[Saved data entries]:
******

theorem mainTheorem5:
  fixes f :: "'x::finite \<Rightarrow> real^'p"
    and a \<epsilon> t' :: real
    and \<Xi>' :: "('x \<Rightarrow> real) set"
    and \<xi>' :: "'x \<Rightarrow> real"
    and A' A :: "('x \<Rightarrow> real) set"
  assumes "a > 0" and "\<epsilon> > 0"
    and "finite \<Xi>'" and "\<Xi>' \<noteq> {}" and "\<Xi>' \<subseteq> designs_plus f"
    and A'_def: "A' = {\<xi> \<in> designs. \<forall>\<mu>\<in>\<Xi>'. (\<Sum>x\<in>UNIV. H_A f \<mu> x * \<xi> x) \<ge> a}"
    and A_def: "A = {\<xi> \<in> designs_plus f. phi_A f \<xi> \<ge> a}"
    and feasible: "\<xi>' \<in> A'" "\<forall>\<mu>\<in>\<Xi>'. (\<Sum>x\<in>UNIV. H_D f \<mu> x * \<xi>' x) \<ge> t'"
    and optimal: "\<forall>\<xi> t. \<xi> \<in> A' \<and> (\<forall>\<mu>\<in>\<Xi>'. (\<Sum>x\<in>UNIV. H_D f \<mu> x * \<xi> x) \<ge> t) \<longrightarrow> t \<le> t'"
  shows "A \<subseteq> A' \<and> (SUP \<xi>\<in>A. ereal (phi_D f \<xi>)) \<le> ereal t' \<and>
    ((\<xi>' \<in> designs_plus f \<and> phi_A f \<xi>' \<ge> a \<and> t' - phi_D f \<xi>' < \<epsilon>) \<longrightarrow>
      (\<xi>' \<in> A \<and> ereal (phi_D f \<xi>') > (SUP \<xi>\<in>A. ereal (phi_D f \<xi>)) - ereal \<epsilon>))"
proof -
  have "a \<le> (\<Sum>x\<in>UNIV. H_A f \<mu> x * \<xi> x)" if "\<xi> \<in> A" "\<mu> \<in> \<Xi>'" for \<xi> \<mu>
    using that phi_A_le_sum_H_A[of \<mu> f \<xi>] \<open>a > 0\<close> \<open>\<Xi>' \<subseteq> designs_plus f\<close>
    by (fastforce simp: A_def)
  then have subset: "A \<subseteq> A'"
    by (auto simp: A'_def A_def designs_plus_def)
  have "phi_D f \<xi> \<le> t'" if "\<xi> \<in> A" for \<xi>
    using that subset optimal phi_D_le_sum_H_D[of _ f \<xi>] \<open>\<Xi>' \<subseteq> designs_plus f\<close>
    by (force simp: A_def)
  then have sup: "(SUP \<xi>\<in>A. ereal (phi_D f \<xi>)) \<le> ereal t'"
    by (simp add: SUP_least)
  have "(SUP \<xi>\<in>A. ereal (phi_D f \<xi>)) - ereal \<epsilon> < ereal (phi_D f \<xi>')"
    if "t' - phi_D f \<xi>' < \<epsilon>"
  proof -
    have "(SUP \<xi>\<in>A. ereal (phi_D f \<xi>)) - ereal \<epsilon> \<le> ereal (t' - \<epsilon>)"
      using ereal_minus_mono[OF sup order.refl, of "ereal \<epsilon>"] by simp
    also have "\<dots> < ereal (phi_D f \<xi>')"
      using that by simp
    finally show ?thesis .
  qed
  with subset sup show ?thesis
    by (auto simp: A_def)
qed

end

******

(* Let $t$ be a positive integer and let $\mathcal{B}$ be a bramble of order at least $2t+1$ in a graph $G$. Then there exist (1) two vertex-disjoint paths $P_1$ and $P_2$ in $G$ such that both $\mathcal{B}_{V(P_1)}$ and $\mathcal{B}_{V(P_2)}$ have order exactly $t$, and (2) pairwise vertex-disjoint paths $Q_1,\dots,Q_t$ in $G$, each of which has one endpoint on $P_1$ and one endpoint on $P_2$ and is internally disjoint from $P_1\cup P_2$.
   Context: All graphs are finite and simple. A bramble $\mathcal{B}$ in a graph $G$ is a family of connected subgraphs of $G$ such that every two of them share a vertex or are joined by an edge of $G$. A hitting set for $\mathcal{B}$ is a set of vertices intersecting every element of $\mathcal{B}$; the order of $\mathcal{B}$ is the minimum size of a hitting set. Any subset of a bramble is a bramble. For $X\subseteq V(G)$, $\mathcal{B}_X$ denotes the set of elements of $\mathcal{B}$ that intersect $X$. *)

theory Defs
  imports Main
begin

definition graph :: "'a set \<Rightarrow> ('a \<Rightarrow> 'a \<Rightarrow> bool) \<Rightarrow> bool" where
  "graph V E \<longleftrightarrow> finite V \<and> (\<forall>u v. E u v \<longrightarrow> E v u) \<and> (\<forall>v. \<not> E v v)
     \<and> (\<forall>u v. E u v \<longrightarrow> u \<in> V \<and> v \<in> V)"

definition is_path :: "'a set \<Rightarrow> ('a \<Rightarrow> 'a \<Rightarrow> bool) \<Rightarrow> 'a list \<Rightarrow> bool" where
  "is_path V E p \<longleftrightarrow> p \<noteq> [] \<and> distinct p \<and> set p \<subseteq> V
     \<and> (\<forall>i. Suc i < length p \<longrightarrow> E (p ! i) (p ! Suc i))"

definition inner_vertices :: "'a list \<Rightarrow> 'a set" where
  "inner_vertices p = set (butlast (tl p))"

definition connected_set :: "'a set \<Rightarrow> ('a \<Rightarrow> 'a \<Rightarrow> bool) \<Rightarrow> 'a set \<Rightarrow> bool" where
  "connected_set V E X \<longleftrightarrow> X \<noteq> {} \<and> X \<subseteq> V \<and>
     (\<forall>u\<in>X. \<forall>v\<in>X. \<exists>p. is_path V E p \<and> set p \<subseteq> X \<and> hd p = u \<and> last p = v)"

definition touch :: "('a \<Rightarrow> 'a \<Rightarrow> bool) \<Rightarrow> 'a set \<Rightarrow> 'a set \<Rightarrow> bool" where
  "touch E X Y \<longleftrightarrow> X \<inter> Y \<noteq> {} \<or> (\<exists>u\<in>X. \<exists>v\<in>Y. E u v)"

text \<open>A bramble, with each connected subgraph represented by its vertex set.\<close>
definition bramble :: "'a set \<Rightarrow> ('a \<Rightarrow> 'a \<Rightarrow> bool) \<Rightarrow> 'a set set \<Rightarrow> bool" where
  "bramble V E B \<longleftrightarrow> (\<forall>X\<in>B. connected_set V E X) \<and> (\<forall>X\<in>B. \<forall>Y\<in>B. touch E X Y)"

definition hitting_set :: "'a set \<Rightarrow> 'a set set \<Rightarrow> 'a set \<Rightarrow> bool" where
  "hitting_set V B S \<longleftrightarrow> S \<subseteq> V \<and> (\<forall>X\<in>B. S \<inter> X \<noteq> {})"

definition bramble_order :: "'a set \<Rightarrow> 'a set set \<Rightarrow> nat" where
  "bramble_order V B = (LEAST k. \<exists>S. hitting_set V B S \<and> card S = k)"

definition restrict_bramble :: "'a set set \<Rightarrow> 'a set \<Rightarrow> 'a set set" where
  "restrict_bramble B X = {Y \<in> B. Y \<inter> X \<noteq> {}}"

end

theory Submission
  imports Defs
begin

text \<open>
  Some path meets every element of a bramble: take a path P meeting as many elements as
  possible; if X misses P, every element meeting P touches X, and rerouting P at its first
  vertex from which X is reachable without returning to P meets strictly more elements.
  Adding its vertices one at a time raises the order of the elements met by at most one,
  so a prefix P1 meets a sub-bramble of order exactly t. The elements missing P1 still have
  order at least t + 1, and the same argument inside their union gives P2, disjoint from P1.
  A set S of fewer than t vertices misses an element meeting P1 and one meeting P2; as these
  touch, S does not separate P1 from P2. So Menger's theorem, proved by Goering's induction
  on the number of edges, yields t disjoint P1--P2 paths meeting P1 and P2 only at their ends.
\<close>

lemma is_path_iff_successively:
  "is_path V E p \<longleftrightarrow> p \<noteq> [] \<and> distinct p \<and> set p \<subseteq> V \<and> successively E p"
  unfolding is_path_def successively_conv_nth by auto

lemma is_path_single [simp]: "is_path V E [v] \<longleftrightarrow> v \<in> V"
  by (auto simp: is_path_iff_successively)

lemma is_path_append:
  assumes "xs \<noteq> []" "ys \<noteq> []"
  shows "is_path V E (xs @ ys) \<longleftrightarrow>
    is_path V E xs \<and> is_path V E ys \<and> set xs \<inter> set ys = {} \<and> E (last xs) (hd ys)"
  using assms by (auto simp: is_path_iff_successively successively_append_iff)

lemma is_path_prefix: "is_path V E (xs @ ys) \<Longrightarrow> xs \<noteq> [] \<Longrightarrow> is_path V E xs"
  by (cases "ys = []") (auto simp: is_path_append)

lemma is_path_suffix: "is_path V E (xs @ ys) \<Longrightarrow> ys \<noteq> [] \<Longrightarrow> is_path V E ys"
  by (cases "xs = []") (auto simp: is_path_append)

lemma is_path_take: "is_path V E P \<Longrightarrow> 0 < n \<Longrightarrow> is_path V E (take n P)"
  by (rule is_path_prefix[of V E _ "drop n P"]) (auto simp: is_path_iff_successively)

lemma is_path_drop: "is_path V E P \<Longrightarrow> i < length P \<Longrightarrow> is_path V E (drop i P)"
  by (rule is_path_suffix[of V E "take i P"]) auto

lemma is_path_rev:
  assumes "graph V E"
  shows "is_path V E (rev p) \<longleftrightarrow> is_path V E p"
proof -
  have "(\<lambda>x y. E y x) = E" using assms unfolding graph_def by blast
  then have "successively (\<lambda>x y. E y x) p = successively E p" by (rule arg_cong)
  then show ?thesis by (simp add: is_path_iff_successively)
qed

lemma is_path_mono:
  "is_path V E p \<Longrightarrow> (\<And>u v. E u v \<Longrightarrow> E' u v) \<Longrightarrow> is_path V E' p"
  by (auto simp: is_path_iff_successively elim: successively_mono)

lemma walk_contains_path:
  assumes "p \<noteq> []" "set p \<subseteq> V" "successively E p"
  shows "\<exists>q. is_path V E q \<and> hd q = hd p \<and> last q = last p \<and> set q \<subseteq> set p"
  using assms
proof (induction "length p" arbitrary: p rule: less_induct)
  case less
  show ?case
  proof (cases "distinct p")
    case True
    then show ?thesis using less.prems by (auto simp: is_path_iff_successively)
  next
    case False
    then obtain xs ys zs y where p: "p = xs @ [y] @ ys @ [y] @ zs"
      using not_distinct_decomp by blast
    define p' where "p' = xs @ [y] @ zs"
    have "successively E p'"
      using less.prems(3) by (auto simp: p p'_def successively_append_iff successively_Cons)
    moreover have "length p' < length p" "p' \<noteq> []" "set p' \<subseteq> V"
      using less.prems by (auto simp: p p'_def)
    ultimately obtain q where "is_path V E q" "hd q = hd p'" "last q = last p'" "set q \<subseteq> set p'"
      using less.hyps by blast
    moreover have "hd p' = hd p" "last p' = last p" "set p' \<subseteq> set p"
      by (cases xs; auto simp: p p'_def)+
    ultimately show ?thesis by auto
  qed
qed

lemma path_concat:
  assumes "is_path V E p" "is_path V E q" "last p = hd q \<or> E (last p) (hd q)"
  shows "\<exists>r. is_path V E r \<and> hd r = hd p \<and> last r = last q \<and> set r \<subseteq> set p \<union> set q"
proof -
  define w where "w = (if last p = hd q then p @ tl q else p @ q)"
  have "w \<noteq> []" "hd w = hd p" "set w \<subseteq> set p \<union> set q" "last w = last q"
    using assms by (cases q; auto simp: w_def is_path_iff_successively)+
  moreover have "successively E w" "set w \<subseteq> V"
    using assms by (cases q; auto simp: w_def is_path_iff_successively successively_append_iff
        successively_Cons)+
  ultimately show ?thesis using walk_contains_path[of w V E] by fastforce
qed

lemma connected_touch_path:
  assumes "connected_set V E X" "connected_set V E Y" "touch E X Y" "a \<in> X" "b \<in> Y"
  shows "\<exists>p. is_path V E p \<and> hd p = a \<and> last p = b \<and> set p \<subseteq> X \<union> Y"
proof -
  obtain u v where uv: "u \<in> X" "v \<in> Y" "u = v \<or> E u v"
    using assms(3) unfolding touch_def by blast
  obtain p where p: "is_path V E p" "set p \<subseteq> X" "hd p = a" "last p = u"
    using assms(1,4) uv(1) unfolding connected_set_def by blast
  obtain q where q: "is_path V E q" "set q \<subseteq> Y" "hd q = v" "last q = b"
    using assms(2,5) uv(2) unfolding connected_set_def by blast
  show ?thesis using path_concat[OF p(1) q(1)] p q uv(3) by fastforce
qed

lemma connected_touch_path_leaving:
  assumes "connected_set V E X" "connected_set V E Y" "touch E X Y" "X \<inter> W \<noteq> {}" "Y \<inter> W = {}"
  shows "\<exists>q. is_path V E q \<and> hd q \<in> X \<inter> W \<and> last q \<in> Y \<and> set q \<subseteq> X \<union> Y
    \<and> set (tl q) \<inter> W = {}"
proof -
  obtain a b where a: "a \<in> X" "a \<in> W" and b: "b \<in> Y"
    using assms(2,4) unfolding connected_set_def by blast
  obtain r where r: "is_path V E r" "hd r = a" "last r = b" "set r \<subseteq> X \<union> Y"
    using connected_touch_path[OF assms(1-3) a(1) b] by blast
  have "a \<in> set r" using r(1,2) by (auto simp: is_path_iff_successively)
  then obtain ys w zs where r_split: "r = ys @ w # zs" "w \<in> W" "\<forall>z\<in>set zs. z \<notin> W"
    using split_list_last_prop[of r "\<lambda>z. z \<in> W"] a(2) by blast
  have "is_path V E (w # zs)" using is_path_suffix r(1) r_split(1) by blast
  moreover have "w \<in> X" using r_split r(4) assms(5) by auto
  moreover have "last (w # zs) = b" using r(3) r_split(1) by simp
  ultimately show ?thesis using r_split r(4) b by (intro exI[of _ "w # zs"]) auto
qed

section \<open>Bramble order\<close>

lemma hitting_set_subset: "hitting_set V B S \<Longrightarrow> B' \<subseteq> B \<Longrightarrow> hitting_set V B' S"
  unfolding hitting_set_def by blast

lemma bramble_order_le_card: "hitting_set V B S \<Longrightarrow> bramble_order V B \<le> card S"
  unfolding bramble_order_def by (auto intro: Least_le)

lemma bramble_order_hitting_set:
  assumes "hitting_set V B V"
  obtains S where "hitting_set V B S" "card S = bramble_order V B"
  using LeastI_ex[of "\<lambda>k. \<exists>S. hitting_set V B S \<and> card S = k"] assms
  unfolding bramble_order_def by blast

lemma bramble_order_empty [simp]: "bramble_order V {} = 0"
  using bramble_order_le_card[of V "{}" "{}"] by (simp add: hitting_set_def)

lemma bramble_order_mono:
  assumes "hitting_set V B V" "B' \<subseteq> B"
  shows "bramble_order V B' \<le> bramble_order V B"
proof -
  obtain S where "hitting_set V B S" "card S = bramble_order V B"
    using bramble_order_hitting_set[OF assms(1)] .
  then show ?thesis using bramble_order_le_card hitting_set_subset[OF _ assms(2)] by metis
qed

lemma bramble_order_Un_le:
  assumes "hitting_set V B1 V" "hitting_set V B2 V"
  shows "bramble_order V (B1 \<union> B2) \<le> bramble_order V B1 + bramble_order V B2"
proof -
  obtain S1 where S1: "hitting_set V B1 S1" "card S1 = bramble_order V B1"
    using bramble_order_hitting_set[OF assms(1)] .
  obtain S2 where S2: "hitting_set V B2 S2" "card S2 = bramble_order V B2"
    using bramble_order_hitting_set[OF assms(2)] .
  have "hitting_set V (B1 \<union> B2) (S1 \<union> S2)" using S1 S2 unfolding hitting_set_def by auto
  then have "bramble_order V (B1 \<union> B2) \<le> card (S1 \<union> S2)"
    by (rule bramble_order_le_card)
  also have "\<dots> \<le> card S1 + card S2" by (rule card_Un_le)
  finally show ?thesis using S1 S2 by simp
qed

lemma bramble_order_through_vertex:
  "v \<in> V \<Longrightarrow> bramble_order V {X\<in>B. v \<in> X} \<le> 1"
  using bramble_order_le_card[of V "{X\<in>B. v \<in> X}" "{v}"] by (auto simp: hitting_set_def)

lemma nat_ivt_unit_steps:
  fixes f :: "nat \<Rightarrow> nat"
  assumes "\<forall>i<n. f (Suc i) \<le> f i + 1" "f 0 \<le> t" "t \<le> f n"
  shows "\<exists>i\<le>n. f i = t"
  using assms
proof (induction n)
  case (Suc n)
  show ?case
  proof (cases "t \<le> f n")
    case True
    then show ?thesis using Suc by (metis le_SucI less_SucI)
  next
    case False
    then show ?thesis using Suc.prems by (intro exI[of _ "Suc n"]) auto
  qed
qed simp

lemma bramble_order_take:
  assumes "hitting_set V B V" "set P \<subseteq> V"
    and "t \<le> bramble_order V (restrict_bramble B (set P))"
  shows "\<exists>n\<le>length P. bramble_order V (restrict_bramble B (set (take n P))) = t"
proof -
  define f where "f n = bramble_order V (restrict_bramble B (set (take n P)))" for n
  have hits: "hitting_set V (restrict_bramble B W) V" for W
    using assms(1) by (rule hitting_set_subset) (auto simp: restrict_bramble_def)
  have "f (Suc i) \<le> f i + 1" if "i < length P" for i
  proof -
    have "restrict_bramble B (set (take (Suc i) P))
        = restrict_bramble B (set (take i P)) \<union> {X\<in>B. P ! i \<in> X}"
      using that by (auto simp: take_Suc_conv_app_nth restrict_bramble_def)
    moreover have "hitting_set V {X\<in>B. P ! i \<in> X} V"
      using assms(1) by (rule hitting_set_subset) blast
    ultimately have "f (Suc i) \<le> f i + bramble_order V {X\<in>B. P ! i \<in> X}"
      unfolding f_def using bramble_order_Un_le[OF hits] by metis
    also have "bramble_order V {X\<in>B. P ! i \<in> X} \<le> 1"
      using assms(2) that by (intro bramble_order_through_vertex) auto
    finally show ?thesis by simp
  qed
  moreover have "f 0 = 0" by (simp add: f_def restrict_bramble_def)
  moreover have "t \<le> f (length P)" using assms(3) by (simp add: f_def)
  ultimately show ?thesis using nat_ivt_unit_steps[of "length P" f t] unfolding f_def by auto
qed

******

[Aim of the task]: Find every line above that contains the word "define", and return each one.

[Result for this task]:
    define p' where "p' = xs @ [y] @ zs"
  define w where "w = (if last p = hd q then p @ tl q else p @ q)"
  define f where "f n = bramble_order V (restrict_bramble B (set (take n P)))" for n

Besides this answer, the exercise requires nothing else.